For full documentation, visit `Great Expectations on
readthedocs.io <http://great-expectations.readthedocs.io/en/latest/>`__.

`Down with Pipeline
Debt! <https://medium.com/@expectgreatdata/down-with-pipeline-debt-introducing-great-expectations-862ddc46782a>`__
explains the core philosophy behind Great Expectations. Please give it a
read, and clap, follow, and share while you’re at it.

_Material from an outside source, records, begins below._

(* Let $V$ be a quasi-regular mixed lattice vector space and $A$ a mixed lattice subspace of $V$. Then the left disjoint complement ${}^{\perp}A$ is a regular specific band in $V$. Moreover, if ${}^{\perp}A$ is an ideal, then it is a regular band.
   Context: A mixed lattice vector space is a real vector space $V$ with two partial orderings $\le$ (initial) and $\preceq$ (specific), each compatible with the vector space structure, such that for all $x,y$ the mixed lower envelope $x\curlywedge y=\max\{w: w\preceq x,\ w\le y\}$ and mixed upper envelope $x\curlyvee y=\min\{w: x\preceq w,\ y\le w\}$ exist (max/min with respect to $\le$). $V_p=\{x:0\le x\}$, $V_{sp}=\{x:0\preceq x\}$, $E_p=E\cap V_p$, $E_{sp}=E\cap V_{sp}$. $V$ is quasi-regular if $V_{sp}$ is closed under $\curlywedge,\curlyvee$. A mixed lattice subspace is a linear subspace closed under $\curlywedge,\curlyvee$; it is regular if $S=S_{sp}-S_{sp}$. An ideal (resp. specific ideal) is a mixed lattice subspace that is $(\le)$-order convex (resp. $(\preceq)$-order convex), where $U$ is $(\le)$-order convex if $x\le z\le y$, $x,y\in U$ imply $z\in U$, and analogously for $\preceq$. A set $E$ is $(\le)$-order closed if $\sup C\in E$ for every nonempty $(\le)$-upwards-directed $C\subseteq E$ whose $\le$-supremum exists in $V$, and $\inf C\in E$ for every nonempty $(\le)$-downwards-directed $C\subseteq E$ whose $\le$-infimum exists in $V$; $(\preceq)$-order closed is defined the same way using $\preceq$-directedness and $\preceq$-suprema/infima. A band is a $(\le)$-order closed ideal; a specific band is a $(\preceq)$-order closed specific ideal. The left disjoint complement ${}^{\perp}A$ of a mixed lattice subspace $A$ is the smallest specific ideal containing the set $\{x\in V_{sp}: x\curlywedge z=0 \text{ for all } z\in A_p\}$. *)

theory Defs
  imports Complex_Main
begin
(* Let $\mathbf I=\langle I,\vee\rangle$ be a join-semilattice with order $\preceq$ (strict part $\prec$), let $\mathbf A_p=\langle A_p,\le_p,\cdot_p,\backslash_p,/_p,1_p\rangle$ ($p\in I$) be pairwise disjoint residuated monoids, and for $p\preceq q$ let $\varphi_{pq},\psi_{pq}:A_p\to A_q$ be monotone maps such that: $\varphi_{pp}=\psi_{pp}=\mathrm{id}_{A_p}$; $\varphi_{qr}\varphi_{pq}=\varphi_{pr}$ and $\psi_{qr}\psi_{pq}=\psi_{pr}$ for $p\preceq q\preceq r$; and for all $a,b\in A_p$: $\varphi_{pq}(1_p)=1_q$, $\varphi_{pq}(a\cdot_pb)=\varphi_{pq}(a)\cdot_q\varphi_{pq}(b)$, $\psi_{pq}(a\backslash_pb)=\varphi_{pq}(a)\backslash_q\psi_{pq}(b)$, $\psi_{pq}(a/_pb)=\psi_{pq}(a)/_q\varphi_{pq}(b)$. Assume (S1): if $p\prec q$, $p\prec r$, $t=q\vee r$, then $\varphi_{qt}(\psi_{pq}(a))\le_t\psi_{rt}(\varphi_{pr}(a))$ for all $a\in A_p$; and (S2): if $p\prec q$, $a,b\in A_p$ and $\varphi_{pq}(a)\le_q\psi_{pq}(b)$, then $a<_pb$. Define $\mathbf A$ on $A:=\biguplus_pA_p$ by, for $a\in A_p$, $b\in A_q$, $r:=p\vee q$: $ab:=\varphi_{pr}(a)\cdot_r\varphi_{qr}(b)$, $a\backslash b:=\varphi_{pr}(a)\backslash_r\psi_{qr}(b)$, $a/b:=\psi_{pr}(a)/_r\varphi_{qr}(b)$, and $a\le b\iff\varphi_{pr}(a)\le_r\psi_{qr}(b)$. Then: (1) $\mathbf A=\langle A,\le,\cdot,\backslash,/\rangle$ is a residuated semigroup; if $\mathbf I$ has a least element $\bot$, then $1_\bot$ is a global identity of $\mathbf A$; (2) $I':=\{1_p: p\in I\}$ consists of central positive idempotents of $\mathbf A$, $1_p1_q=1_{p\vee q}$, so $I'$ is closed under multiplication and $p\mapsto1_p$ is an isomorphism $\mathbf I\cong\langle I',\cdot\rangle$; (3) $\mathbf A$ is steady over $\langle I',\cdot\rangle$, with $u_a=1_p$ for $a\in A_p$; (4) if every $\mathbf A_p$ is balanced, then $\mathbf A$ is balanced; (5) if every $\mathbf A_p$ is integrally closed, then $I'$ is exactly the set of central positive idempotents of $\mathbf A$; (6) if every $\mathbf A_p$ is integral, then $\mathbf A$ satisfies $xx\le x$.
   Context: A residuated semigroup is a structure $\langle A,\le,\cdot,\backslash,/\rangle$ where $\langle A,\le\rangle$ is a poset, $\langle A,\cdot\rangle$ is a semigroup, and $xy\le z\iff x\le z/y\iff y\le x\backslash z$; a residuated monoid additionally has a global identity $1$. An element $p$ is positive if $a\le pa$ and $a\le ap$ for all $a$, idempotent if $pp=p$, central if $pa=ap$ for all $a$. For a nonempty set $I'$ of central positive idempotents closed under multiplication, $\mathbf A$ is balanced over $\langle I',\cdot\rangle$ if for every $a$ the element $u_a:=\max\{p\in I': pa=a\}$ exists, and steady over it if moreover $u_{ab}=u_{a/b}=u_{b\backslash a}=u_au_b$ for all $a,b$. A residuated semigroup is balanced if it satisfies $x\backslash x=x/x$ and all elements $a\backslash a$, $a/a$ are positive. A residuated monoid is integrally closed if $x\backslash x=1$ for all $x$, and integral if $x\le1$ for all $x$. *)

theory Defs
  imports Main
begin

definition residuated_semigroup ::
  "'a set \<Rightarrow> ('a \<Rightarrow> 'a \<Rightarrow> bool) \<Rightarrow> ('a \<Rightarrow> 'a \<Rightarrow> 'a) \<Rightarrow> ('a \<Rightarrow> 'a \<Rightarrow> 'a) \<Rightarrow> ('a \<Rightarrow> 'a \<Rightarrow> 'a) \<Rightarrow> bool" where
  "residuated_semigroup A le mul ld rd \<longleftrightarrow>
     (\<forall>x\<in>A. le x x) \<and>
     (\<forall>x\<in>A. \<forall>y\<in>A. le x y \<and> le y x \<longrightarrow> x = y) \<and>
     (\<forall>x\<in>A. \<forall>y\<in>A. \<forall>z\<in>A. le x y \<and> le y z \<longrightarrow> le x z) \<and>
     (\<forall>x\<in>A. \<forall>y\<in>A. mul x y \<in> A \<and> ld x y \<in> A \<and> rd x y \<in> A) \<and>
     (\<forall>x\<in>A. \<forall>y\<in>A. \<forall>z\<in>A. mul (mul x y) z = mul x (mul y z)) \<and>
     (\<forall>x\<in>A. \<forall>y\<in>A. \<forall>z\<in>A.
        (le (mul x y) z \<longleftrightarrow> le x (rd z y)) \<and> (le (mul x y) z \<longleftrightarrow> le y (ld x z)))"

definition global_identity :: "'a set \<Rightarrow> ('a \<Rightarrow> 'a \<Rightarrow> 'a) \<Rightarrow> 'a \<Rightarrow> bool" where
  "global_identity A mul e \<longleftrightarrow> e \<in> A \<and> (\<forall>x\<in>A. mul e x = x \<and> mul x e = x)"

definition residuated_monoid ::
  "'a set \<Rightarrow> ('a \<Rightarrow> 'a \<Rightarrow> bool) \<Rightarrow> ('a \<Rightarrow> 'a \<Rightarrow> 'a) \<Rightarrow> ('a \<Rightarrow> 'a \<Rightarrow> 'a) \<Rightarrow> ('a \<Rightarrow> 'a \<Rightarrow> 'a) \<Rightarrow> 'a \<Rightarrow> bool" where
  "residuated_monoid A le mul ld rd e \<longleftrightarrow>
     residuated_semigroup A le mul ld rd \<and> global_identity A mul e"

definition positive_el :: "'a set \<Rightarrow> ('a \<Rightarrow> 'a \<Rightarrow> bool) \<Rightarrow> ('a \<Rightarrow> 'a \<Rightarrow> 'a) \<Rightarrow> 'a \<Rightarrow> bool" where
  "positive_el A le mul p \<longleftrightarrow> (\<forall>a\<in>A. le a (mul p a) \<and> le a (mul a p))"
(* Let $(X,E,\ell)$ be a weighted tree with similarity matrix $Z=(e^{-d(x,y)})_{x,y\in X}$. Then $Z$ is invertible and for $x,y\in X$ with $x\neq y$: $$Z^{-1}(x,x)=1+\sum_{e\ni x}\frac{e^{-2\ell(e)}}{1-e^{-2\ell(e)}},$$ $Z^{-1}(x,y)=0$ if $x$ and $y$ are not adjacent, and if $e=\{x,y\}\in E$, $$Z^{-1}(x,y)=-\frac{e^{-\ell(e)}}{1-e^{-2\ell(e)}}.$$
   Context: A weighted tree is a triple $(X,E,\ell)$ where $(X,E)$ is a finite simple undirected graph that is a tree, and $\ell\colon E\to(0,\infty)$ assigns lengths to edges. Its vertex set $X$ is a metric space with $d(x,y)$ the total length of the unique simple path from $x$ to $y$. The sum $\sum_{e\ni x}$ is over edges containing $x$. *)

theory Defs
  imports "HOL-Analysis.Analysis"
begin

text \<open>Graphs on the vertex set UNIV of a finite type; edges are 2-element sets.\<close>

definition is_walk_edges :: "'a set set \<Rightarrow> 'a list \<Rightarrow> bool" where
  "is_walk_edges E p \<longleftrightarrow> (\<forall>i. Suc i < length p \<longrightarrow> {p ! i, p ! Suc i} \<in> E)"

definition simple_path :: "'a set set \<Rightarrow> 'a \<Rightarrow> 'a \<Rightarrow> 'a list \<Rightarrow> bool" where
  "simple_path E x y p \<longleftrightarrow> p \<noteq> [] \<and> hd p = x \<and> last p = y \<and> distinct p \<and> is_walk_edges E p"

definition simple_graph :: "'a set set \<Rightarrow> bool" where
  "simple_graph E \<longleftrightarrow> (\<forall>e\<in>E. \<exists>x y. x \<noteq> y \<and> e = {x, y})"

definition graph_connected :: "'a set set \<Rightarrow> bool" where
  "graph_connected E \<longleftrightarrow> (\<forall>x y. \<exists>p. simple_path E x y p)"

definition graph_acyclic :: "'a set set \<Rightarrow> bool" where
  "graph_acyclic E \<longleftrightarrow> \<not> (\<exists>p. length p \<ge> 3 \<and> distinct p \<and> is_walk_edges E p \<and> {last p, hd p} \<in> E)"

definition weighted_tree :: "'a set set \<Rightarrow> ('a set \<Rightarrow> real) \<Rightarrow> bool" where
  "weighted_tree E l \<longleftrightarrow> simple_graph E \<and> graph_connected E \<and> graph_acyclic E \<and> (\<forall>e\<in>E. l e > 0)"

definition path_length :: "('a set \<Rightarrow> real) \<Rightarrow> 'a list \<Rightarrow> real" where
  "path_length l p = (\<Sum>i<length p - 1. l {p ! i, p ! Suc i})"

definition tree_dist :: "'a set set \<Rightarrow> ('a set \<Rightarrow> real) \<Rightarrow> 'a \<Rightarrow> 'a \<Rightarrow> real" where
  "tree_dist E l x y = path_length l (THE p. simple_path E x y p)"
(* Let $H$ be a Kekul\'ean hexagonal system and $n\ge0$. The map $f$ from the set of Clar covers of $H$ with exactly $n$ hexagons to the set of induced subgraphs of $R(H)$ isomorphic to $Q_n$ is surjective: for every induced subgraph $G_n$ of $R(H)$ isomorphic to $Q_n$ there is a Clar cover $C$ of $H$ with exactly $n$ hexagons such that $f(C)=G_n$.
   Context: A hexagonal system is a 2-connected finite plane graph in which every interior face is a regular hexagon of side length one; its hexagons are the boundaries of its interior faces; it is Kekul\'ean if it has a perfect matching. A Clar cover of $H$ is a spanning subgraph each of whose components is a hexagon of $H$ or a single edge. The resonance graph $R(H)$ has the perfect matchings of $H$ as vertices, two adjacent iff their symmetric difference is the edge set of a hexagon of $H$. For a Clar cover $C$, $f(C)$ denotes the subgraph of $R(H)$ induced by all perfect matchings $M$ of $H$ such that every hexagon component of $C$ is $M$-alternating and every single-edge component of $C$ belongs to $M$. *)

theory Defs
  imports Main
begin

text \<open>
  Cells (unit hexagons of the regular hexagonal tiling of the plane)
  are indexed by their centres, written in axial coordinates of the triangular lattice.
  Two cells are neighbours (share an edge) iff their coordinates differ by one of six
  vectors.  A vertex of the honeycomb is represented by the set of the three cells
  meeting at it (a triangle of pairwise neighbouring cells), and an edge of the honeycomb
  by the two-element set of its end vertices.
\<close>

type_synonym cell = "int \<times> int"
type_synonym hvertex = "cell set"
type_synonym hedge = "hvertex set"

definition nbr :: "cell \<Rightarrow> cell \<Rightarrow> bool" where
  "nbr c d \<longleftrightarrow> (fst d - fst c, snd d - snd c) \<in>
     {(1,0), (-1,0), (0,1), (0,-1), (1,-1), (-1,1)}"

definition lattice_vertex :: "hvertex \<Rightarrow> bool" where
  "lattice_vertex T \<longleftrightarrow> card T = 3 \<and> (\<forall>c\<in>T. \<forall>d\<in>T. c \<noteq> d \<longrightarrow> nbr c d)"

definition hex_vertices :: "cell \<Rightarrow> hvertex set" where
  "hex_vertices c = {T. lattice_vertex T \<and> c \<in> T}"

definition hex_edges :: "cell \<Rightarrow> hedge set" where
  "hex_edges c = {{u, v} | u v. u \<in> hex_vertices c \<and> v \<in> hex_vertices c \<and> card (u \<inter> v) = 2}"

text \<open>
  A hexagonal system is given by the finite nonempty set S of its hexagons (interior faces),
  placed in the hexagonal lattice.  The graph is the union of the boundaries of these
  hexagons.  2-connectedness of the graph corresponds to S being edge-connected, and the
  requirement that every interior face is a unit hexagon of the system corresponds to the
  complement of S (in the lattice) being edge-connected (no holes).
\<close>

definition cells_connected :: "cell set \<Rightarrow> bool" where
  "cells_connected A \<longleftrightarrow>
     (\<forall>c\<in>A. \<forall>d\<in>A. (\<lambda>x y. x \<in> A \<and> y \<in> A \<and> nbr x y)\<^sup>*\<^sup>* c d)"

definition hexagonal_system :: "cell set \<Rightarrow> bool" where
  "hexagonal_system S \<longleftrightarrow> finite S \<and> S \<noteq> {} \<and> cells_connected S \<and> cells_connected (- S)"

definition HV :: "cell set \<Rightarrow> hvertex set" where
  "HV S = (\<Union>c\<in>S. hex_vertices c)"

definition HE :: "cell set \<Rightarrow> hedge set" where
  "HE S = (\<Union>c\<in>S. hex_edges c)"

definition perfect_matching :: "cell set \<Rightarrow> hedge set \<Rightarrow> bool" where
  "perfect_matching S M \<longleftrightarrow> M \<subseteq> HE S \<and> (\<forall>v\<in>HV S. \<exists>!e. e \<in> M \<and> v \<in> e)"

definition kekulean :: "cell set \<Rightarrow> bool" where
  "kekulean S \<longleftrightarrow> (\<exists>M. perfect_matching S M)"

text \<open>Hexagon c is M-alternating: its edges alternate between M and not M, i.e.
  the edges of c in M form a perfect matching of the 6-cycle c.\<close>
definition alternating :: "hedge set \<Rightarrow> cell \<Rightarrow> bool" where
  "alternating M c \<longleftrightarrow> (\<forall>v\<in>hex_vertices c. \<exists>!e. e \<in> M \<inter> hex_edges c \<and> v \<in> e)"

definition res_adj :: "cell set \<Rightarrow> hedge set \<Rightarrow> hedge set \<Rightarrow> bool" where
  "res_adj S M M' \<longleftrightarrow> perfect_matching S M \<and> perfect_matching S M' \<and>
     (\<exists>c\<in>S. (M - M') \<union> (M' - M) = hex_edges c)"

definition cube_adj :: "nat set \<Rightarrow> nat set \<Rightarrow> bool" where
  "cube_adj A B \<longleftrightarrow> card ((A - B) \<union> (B - A)) = 1"

definition induced_iso_cube :: "cell set \<Rightarrow> hedge set set \<Rightarrow> nat \<Rightarrow> bool" where
  "induced_iso_cube S W n \<longleftrightarrow>
     (\<exists>\<phi>. bij_betw \<phi> (Pow {..<n}) W \<and>
        (\<forall>A\<in>Pow {..<n}. \<forall>B\<in>Pow {..<n}. cube_adj A B \<longleftrightarrow> res_adj S (\<phi> A) (\<phi> B)))"

text \<open>
  A Clar cover is a spanning subgraph whose components are hexagons of H or single edges.
  It is represented by the set K of its hexagon components and the set F of its
  single-edge components; the component condition says these are pairwise vertex-disjoint,
  and spanning means they cover all vertices.
\<close>
definition clar_cover :: "cell set \<Rightarrow> cell set \<Rightarrow> hedge set \<Rightarrow> bool" where
  "clar_cover S K F \<longleftrightarrow> K \<subseteq> S \<and> F \<subseteq> HE S \<and>
     (\<forall>c\<in>K. \<forall>d\<in>K. c \<noteq> d \<longrightarrow> hex_vertices c \<inter> hex_vertices d = {}) \<and>
     (\<forall>e\<in>F. \<forall>e'\<in>F. e \<noteq> e' \<longrightarrow> e \<inter> e' = {}) \<and>
     (\<forall>e\<in>F. \<forall>c\<in>K. e \<inter> hex_vertices c = {}) \<and>
     HV S = (\<Union>c\<in>K. hex_vertices c) \<union> \<Union>F"

text \<open>Vertex set of f(C) (f(C) is the induced subgraph of R(H) on this set).\<close>
definition clar_set :: "cell set \<Rightarrow> cell set \<Rightarrow> hedge set \<Rightarrow> hedge set set" where
  "clar_set S K F = {M. perfect_matching S M \<and> (\<forall>c\<in>K. alternating M c) \<and> F \<subseteq> M}"

end

theory Submission
  imports Defs
begin

text \<open>
  Let \<phi> be an isomorphism from Q_n onto the given subgraph of R(H).  Every edge of the cube
  flips the matching on one hexagon.  Opposite edges of a square of the cube flip the same
  hexagon, since the symmetric difference of the edge sets of two distinct hexagons determines
  the pair; hence flipping coordinate i always flips one hexagon h_i, and
  \<phi>(A) = \<phi>({}) \<Delta> \<Union>_{i\<in>A} E(h_i).  The hexagons h_i are pairwise vertex-disjoint and
  alternating in every \<phi>(A).  So K = {h_i} together with the edges of \<phi>({}) outside K is a
  Clar cover with n hexagons, and a perfect matching compatible with it is determined by
  choosing one of the two perfect matchings of each h_i, which gives exactly the image of \<phi>.
\<close>

section \<open>Geometry of a hexagon\<close>

definition nb_offsets :: "(int \<times> int) list" where
  "nb_offsets = [(1,0), (0,1), (-1,1), (-1,0), (0,-1), (1,-1)]"

text \<open>The neighbours of a cell in counterclockwise order, indexed modulo 6.\<close>
definition nb :: "nat \<Rightarrow> cell \<Rightarrow> cell" where
  "nb k c = (fst c + fst (nb_offsets ! (k mod 6)), snd c + snd (nb_offsets ! (k mod 6)))"

definition corner :: "nat \<Rightarrow> cell \<Rightarrow> hvertex" where
  "corner k c = {c, nb k c, nb (Suc k) c}"

definition side :: "nat \<Rightarrow> cell \<Rightarrow> hedge" where
  "side k c = {corner k c, corner (Suc k) c}"

lemma ex_less_6: "(\<exists>k<6. P (k::nat)) \<longleftrightarrow> P 0 \<or> P 1 \<or> P 2 \<or> P 3 \<or> P 4 \<or> P 5"
  by (auto simp: less_Suc_eq numeral_eq_Suc)

lemma all_less_6: "(\<forall>k<6. P (k::nat)) \<longleftrightarrow> P 0 \<and> P 1 \<and> P 2 \<and> P 3 \<and> P 4 \<and> P 5"
  using ex_less_6[of "Not \<circ> P"] by auto

lemma nb_simps:
  "nb 0 (a,b) = (a+1,b)" "nb 1 (a,b) = (a,b+1)" "nb 2 (a,b) = (a-1,b+1)"
  "nb 3 (a,b) = (a-1,b)" "nb 4 (a,b) = (a,b-1)" "nb 5 (a,b) = (a+1,b-1)"
  by (simp_all add: nb_def nb_offsets_def)

lemma nb_mod6 [simp]: "nb (k mod 6) c = nb k c"
  by (simp add: nb_def)

lemma nb_Suc_mod6 [simp]: "nb (Suc (k mod 6)) c = nb (Suc k) c"
  by (metis mod_Suc_eq nb_mod6)

lemma corner_mod6 [simp]: "corner (k mod 6) c = corner k c"
  by (simp add: corner_def)

lemma corner_Suc_mod6 [simp]: "corner (Suc (k mod 6)) c = corner (Suc k) c"
  by (metis corner_mod6 mod_Suc_eq)

lemma side_mod6 [simp]: "side (k mod 6) c = side k c"
  by (simp add: side_def)

lemma nbr_iff_nb: "nbr c d \<longleftrightarrow> (\<exists>k<6. d = nb k c)"
proof -
  obtain a b where c: "c = (a,b)" by fastforce
  obtain x y where d: "d = (x,y)" by fastforce
  have e: "(x - a, y - b) = (p,q) \<longleftrightarrow> (x,y) = (a+p,b+q)" for p q :: int by auto
  show ?thesis
    unfolding c d nbr_def ex_less_6 nb_simps insert_iff e empty_iff fst_conv snd_conv by (simp, blast)
qed

lemma nbr_sym: "nbr c d \<Longrightarrow> nbr d c"
  unfolding nbr_def by (elim insertE emptyE) (simp_all add: prod_eq_iff)

text \<open>Facts about the neighbours of one cell are finite computations, carried out for
  indices below 6 and a symbolic cell (a,b).\<close>
lemma nb_eq_iff: "nb i c = nb j c \<longleftrightarrow> i mod 6 = j mod 6"
proof -
  have "\<forall>i<6. \<forall>j<6. nb i (a,b) = nb j (a,b) \<longrightarrow> i = j" for a b
    unfolding all_less_6 nb_simps by simp
  then show ?thesis
    by (metis mod_less_divisor nb_mod6 prod.collapse zero_less_numeral)
qed

lemma nb_neq_self: "nb k c \<noteq> c"
proof -
  have "\<forall>k<6. nb k (a,b) \<noteq> (a,b)" for a b
    unfolding all_less_6 nb_simps by simp
  then show ?thesis
    by (metis mod_less_divisor nb_mod6 prod.collapse zero_less_numeral)
qed

lemma nbr_nb_nb_iff:
  "i < 6 \<Longrightarrow> j < 6 \<Longrightarrow> nbr (nb i c) (nb j c) \<longleftrightarrow> j = Suc i mod 6 \<or> i = Suc j mod 6"
proof -
  have "\<forall>i<6. \<forall>j<6. nbr (nb i (a,b)) (nb j (a,b)) \<longleftrightarrow> j = Suc i mod 6 \<or> i = Suc j mod 6" for a b
    unfolding all_less_6 nb_simps nbr_def by simp
  then show "i < 6 \<Longrightarrow> j < 6 \<Longrightarrow> ?thesis"
    by (metis prod.collapse)
qed

lemma nb_neq_nb_Suc: "nb k c \<noteq> nb (Suc k) c"
  by (simp add: nb_eq_iff mod_Suc)

lemma card_corner: "card (corner k c) = 3"
  unfolding corner_def using nb_neq_self[of k c] nb_neq_self[of "Suc k" c] nb_neq_nb_Suc[of k c]
  by (simp add: eq_commute)

lemma lattice_vertex_corner: "lattice_vertex (corner k c)"
proof -
  have 1: "nbr c (nb k c)" and 2: "nbr c (nb (Suc k) c)"
    using nbr_iff_nb by (metis mod_less_divisor nb_mod6 zero_less_numeral)+
  have 3: "nbr (nb k c) (nb (Suc k) c)"
    using nbr_nb_nb_iff[of "k mod 6" "Suc k mod 6" c] by (simp add: mod_Suc_eq)
  have "\<forall>x\<in>{c, nb k c, nb (Suc k) c}. \<forall>y\<in>{c, nb k c, nb (Suc k) c}. x \<noteq> y \<longrightarrow> nbr x y"
    using 1 2 3 nbr_sym[OF 1] nbr_sym[OF 2] nbr_sym[OF 3] by simp
  then show ?thesis
    using card_corner[of k c] unfolding lattice_vertex_def corner_def by blast
qed

lemma corner_in_hex_vertices: "corner k c \<in> hex_vertices c"
  using lattice_vertex_corner[of k c] by (simp add: hex_vertices_def corner_def)

lemma hex_vertices_eq_corners: "hex_vertices c = (\<lambda>k. corner k c) ` {..<6}"
proof
  show "(\<lambda>k. corner k c) ` {..<6} \<subseteq> hex_vertices c"
    using corner_in_hex_vertices by blast
next
  show "hex_vertices c \<subseteq> (\<lambda>k. corner k c) ` {..<6}"
  proof
    fix T assume "T \<in> hex_vertices c"
    then have L: "lattice_vertex T" and cT: "c \<in> T" unfolding hex_vertices_def by auto
    then have "card (T - {c}) = 2" unfolding lattice_vertex_def by simp
    then obtain x y where xy: "T - {c} = {x,y}" "x \<noteq> y" by (auto simp: card_2_iff)
    then have T: "T = {c,x,y}" using cT by auto
    have "nbr c x" "nbr c y" "nbr x y" using L xy cT unfolding lattice_vertex_def by auto
    then obtain i j where ij: "i < 6" "j < 6" "x = nb i c" "y = nb j c"
      using nbr_iff_nb by metis
    with \<open>nbr x y\<close> have "j = Suc i mod 6 \<or> i = Suc j mod 6" using nbr_nb_nb_iff by blast
    then have "T = corner i c \<or> T = corner j c"
      unfolding T corner_def ij by (auto simp: insert_commute)
    then show "T \<in> (\<lambda>k. corner k c) ` {..<6}" using ij by auto
  qed
qed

What is great_expectations?
---------------------------

Great Expectations helps teams save time and promote analytic integrity
by offering a unique approach to automated testing: pipeline tests.
Pipeline tests are applied to data (instead of code) and at batch time
(instead of compile or deploy time). Pipeline tests are like unit tests
for datasets: they help you guard against upstream data changes and
monitor data quality.

Software developers have long known that automated testing is essential
for managing complex codebases. Great Expectations brings the same
discipline, confidence, and acceleration to data science and engineering
teams.

Why would I use Great Expectations?
-----------------------------------

To get more done with data, faster. Teams use great_expectations to

-  Save time during data cleaning and munging.
-  Accelerate ETL and data normalization.
-  Streamline analyst-to-engineer handoffs.
-  Streamline knowledge capture and requirements gathering from
   subject-matter experts.
-  Monitor data quality in production data pipelines and data products.
-  Automate verification of new data deliveries from vendors and other
   teams.
-  Simplify debugging data pipelines if (when) they break.
-  Codify assumptions used to build models when sharing with other teams
   or analysts.
-  Develop rich, shared data documention in the course of normal work.
-  Make implicit knowledge explicit.
-  etc., etc., etc.

Key features
------------

**Expectations**

Expectations are the workhorse abstraction in Great Expectations. Like
assertions in traditional python unit tests, Expectations provide a
flexible, declarative language for describing expected behavior. Unlike
traditional unit tests, Great Expectations applies Expectations to data
instead of code.

Expectations include: - ``expect_table_row_count_to_equal`` -
``expect_column_values_to_be_unique`` -
``expect_column_values_to_be_in_set`` -
``expect_column_mean_to_be_between`` - …and many more

Great Expectations currently supports native execution of Expectations
in three environments: pandas, SQL (through the SQLAlchemy core), and
Spark. This approach follows the philosophy of “take the compute to the
data.” Future releases of Great Expectations will extend this
functionality to other frameworks, such as dask and BigQuery.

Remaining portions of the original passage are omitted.